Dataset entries
....................
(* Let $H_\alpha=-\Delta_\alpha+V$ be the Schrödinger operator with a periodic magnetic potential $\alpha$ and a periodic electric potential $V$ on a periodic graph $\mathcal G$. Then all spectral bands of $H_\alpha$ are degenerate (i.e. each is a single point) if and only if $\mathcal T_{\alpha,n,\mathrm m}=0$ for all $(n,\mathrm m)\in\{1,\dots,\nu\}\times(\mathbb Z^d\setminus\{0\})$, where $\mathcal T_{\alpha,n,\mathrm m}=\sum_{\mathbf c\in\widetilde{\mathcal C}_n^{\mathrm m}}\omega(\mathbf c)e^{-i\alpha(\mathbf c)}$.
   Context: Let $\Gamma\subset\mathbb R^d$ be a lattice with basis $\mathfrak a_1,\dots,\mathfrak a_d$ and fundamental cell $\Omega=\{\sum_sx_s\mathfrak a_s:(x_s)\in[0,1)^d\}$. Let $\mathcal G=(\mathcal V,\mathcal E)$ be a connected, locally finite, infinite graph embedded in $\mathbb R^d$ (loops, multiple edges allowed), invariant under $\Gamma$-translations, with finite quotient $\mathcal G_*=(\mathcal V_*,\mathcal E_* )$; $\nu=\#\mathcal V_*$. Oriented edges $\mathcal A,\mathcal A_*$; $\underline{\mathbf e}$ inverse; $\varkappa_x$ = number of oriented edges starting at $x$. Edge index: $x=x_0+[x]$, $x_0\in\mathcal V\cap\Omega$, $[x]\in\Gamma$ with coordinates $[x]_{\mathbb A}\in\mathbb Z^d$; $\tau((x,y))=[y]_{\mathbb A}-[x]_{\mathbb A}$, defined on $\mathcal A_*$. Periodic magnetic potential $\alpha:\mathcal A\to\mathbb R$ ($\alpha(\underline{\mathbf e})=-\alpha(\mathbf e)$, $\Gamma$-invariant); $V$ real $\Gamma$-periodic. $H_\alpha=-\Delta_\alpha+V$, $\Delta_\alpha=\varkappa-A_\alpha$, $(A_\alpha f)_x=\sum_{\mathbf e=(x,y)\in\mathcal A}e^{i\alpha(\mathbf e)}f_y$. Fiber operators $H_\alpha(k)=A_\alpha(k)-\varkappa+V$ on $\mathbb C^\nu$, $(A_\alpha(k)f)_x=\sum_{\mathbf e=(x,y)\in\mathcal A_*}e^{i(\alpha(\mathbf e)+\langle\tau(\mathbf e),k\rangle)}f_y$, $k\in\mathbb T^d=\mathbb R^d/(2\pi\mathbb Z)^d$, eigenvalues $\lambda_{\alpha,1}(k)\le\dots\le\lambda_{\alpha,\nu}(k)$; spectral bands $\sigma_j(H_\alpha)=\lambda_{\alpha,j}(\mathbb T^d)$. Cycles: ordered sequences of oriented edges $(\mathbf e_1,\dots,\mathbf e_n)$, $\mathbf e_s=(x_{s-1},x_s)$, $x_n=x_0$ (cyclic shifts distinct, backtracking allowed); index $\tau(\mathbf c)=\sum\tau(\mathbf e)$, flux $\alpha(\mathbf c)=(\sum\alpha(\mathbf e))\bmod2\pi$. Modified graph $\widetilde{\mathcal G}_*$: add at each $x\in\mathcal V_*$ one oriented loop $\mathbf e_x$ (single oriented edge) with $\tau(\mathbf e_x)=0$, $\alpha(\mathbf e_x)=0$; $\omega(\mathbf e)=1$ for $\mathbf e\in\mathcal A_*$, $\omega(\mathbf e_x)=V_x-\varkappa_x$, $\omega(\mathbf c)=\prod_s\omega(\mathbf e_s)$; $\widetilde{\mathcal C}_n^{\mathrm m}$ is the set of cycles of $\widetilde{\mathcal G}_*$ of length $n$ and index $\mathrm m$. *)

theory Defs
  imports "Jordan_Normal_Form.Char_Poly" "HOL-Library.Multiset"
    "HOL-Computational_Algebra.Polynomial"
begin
....................
*WORK TASK:* Repeat the records above with every character intact.

*WRITTEN SOLUTION:*
(* Let $H_\alpha=-\Delta_\alpha+V$ be the Schrödinger operator with a periodic magnetic potential $\alpha$ and a periodic electric potential $V$ on a periodic graph $\mathcal G$. Then all spectral bands of $H_\alpha$ are degenerate (i.e. each is a single point) if and only if $\mathcal T_{\alpha,n,\mathrm m}=0$ for all $(n,\mathrm m)\in\{1,\dots,\nu\}\times(\mathbb Z^d\setminus\{0\})$, where $\mathcal T_{\alpha,n,\mathrm m}=\sum_{\mathbf c\in\widetilde{\mathcal C}_n^{\mathrm m}}\omega(\mathbf c)e^{-i\alpha(\mathbf c)}$.
   Context: Let $\Gamma\subset\mathbb R^d$ be a lattice with basis $\mathfrak a_1,\dots,\mathfrak a_d$ and fundamental cell $\Omega=\{\sum_sx_s\mathfrak a_s:(x_s)\in[0,1)^d\}$. Let $\mathcal G=(\mathcal V,\mathcal E)$ be a connected, locally finite, infinite graph embedded in $\mathbb R^d$ (loops, multiple edges allowed), invariant under $\Gamma$-translations, with finite quotient $\mathcal G_*=(\mathcal V_*,\mathcal E_* )$; $\nu=\#\mathcal V_*$. Oriented edges $\mathcal A,\mathcal A_*$; $\underline{\mathbf e}$ inverse; $\varkappa_x$ = number of oriented edges starting at $x$. Edge index: $x=x_0+[x]$, $x_0\in\mathcal V\cap\Omega$, $[x]\in\Gamma$ with coordinates $[x]_{\mathbb A}\in\mathbb Z^d$; $\tau((x,y))=[y]_{\mathbb A}-[x]_{\mathbb A}$, defined on $\mathcal A_*$. Periodic magnetic potential $\alpha:\mathcal A\to\mathbb R$ ($\alpha(\underline{\mathbf e})=-\alpha(\mathbf e)$, $\Gamma$-invariant); $V$ real $\Gamma$-periodic. $H_\alpha=-\Delta_\alpha+V$, $\Delta_\alpha=\varkappa-A_\alpha$, $(A_\alpha f)_x=\sum_{\mathbf e=(x,y)\in\mathcal A}e^{i\alpha(\mathbf e)}f_y$. Fiber operators $H_\alpha(k)=A_\alpha(k)-\varkappa+V$ on $\mathbb C^\nu$, $(A_\alpha(k)f)_x=\sum_{\mathbf e=(x,y)\in\mathcal A_*}e^{i(\alpha(\mathbf e)+\langle\tau(\mathbf e),k\rangle)}f_y$, $k\in\mathbb T^d=\mathbb R^d/(2\pi\mathbb Z)^d$, eigenvalues $\lambda_{\alpha,1}(k)\le\dots\le\lambda_{\alpha,\nu}(k)$; spectral bands $\sigma_j(H_\alpha)=\lambda_{\alpha,j}(\mathbb T^d)$. Cycles: ordered sequences of oriented edges $(\mathbf e_1,\dots,\mathbf e_n)$, $\mathbf e_s=(x_{s-1},x_s)$, $x_n=x_0$ (cyclic shifts distinct, backtracking allowed); index $\tau(\mathbf c)=\sum\tau(\mathbf e)$, flux $\alpha(\mathbf c)=(\sum\alpha(\mathbf e))\bmod2\pi$. Modified graph $\widetilde{\mathcal G}_*$: add at each $x\in\mathcal V_*$ one oriented loop $\mathbf e_x$ (single oriented edge) with $\tau(\mathbf e_x)=0$, $\alpha(\mathbf e_x)=0$; $\omega(\mathbf e)=1$ for $\mathbf e\in\mathcal A_*$, $\omega(\mathbf e_x)=V_x-\varkappa_x$, $\omega(\mathbf c)=\prod_s\omega(\mathbf e_s)$; $\widetilde{\mathcal C}_n^{\mathrm m}$ is the set of cycles of $\widetilde{\mathcal G}_*$ of length $n$ and index $\mathrm m$. *)

theory Defs
  imports "Jordan_Normal_Form.Char_Poly" "HOL-Library.Multiset"
    "HOL-Computational_Algebra.Polynomial"
begin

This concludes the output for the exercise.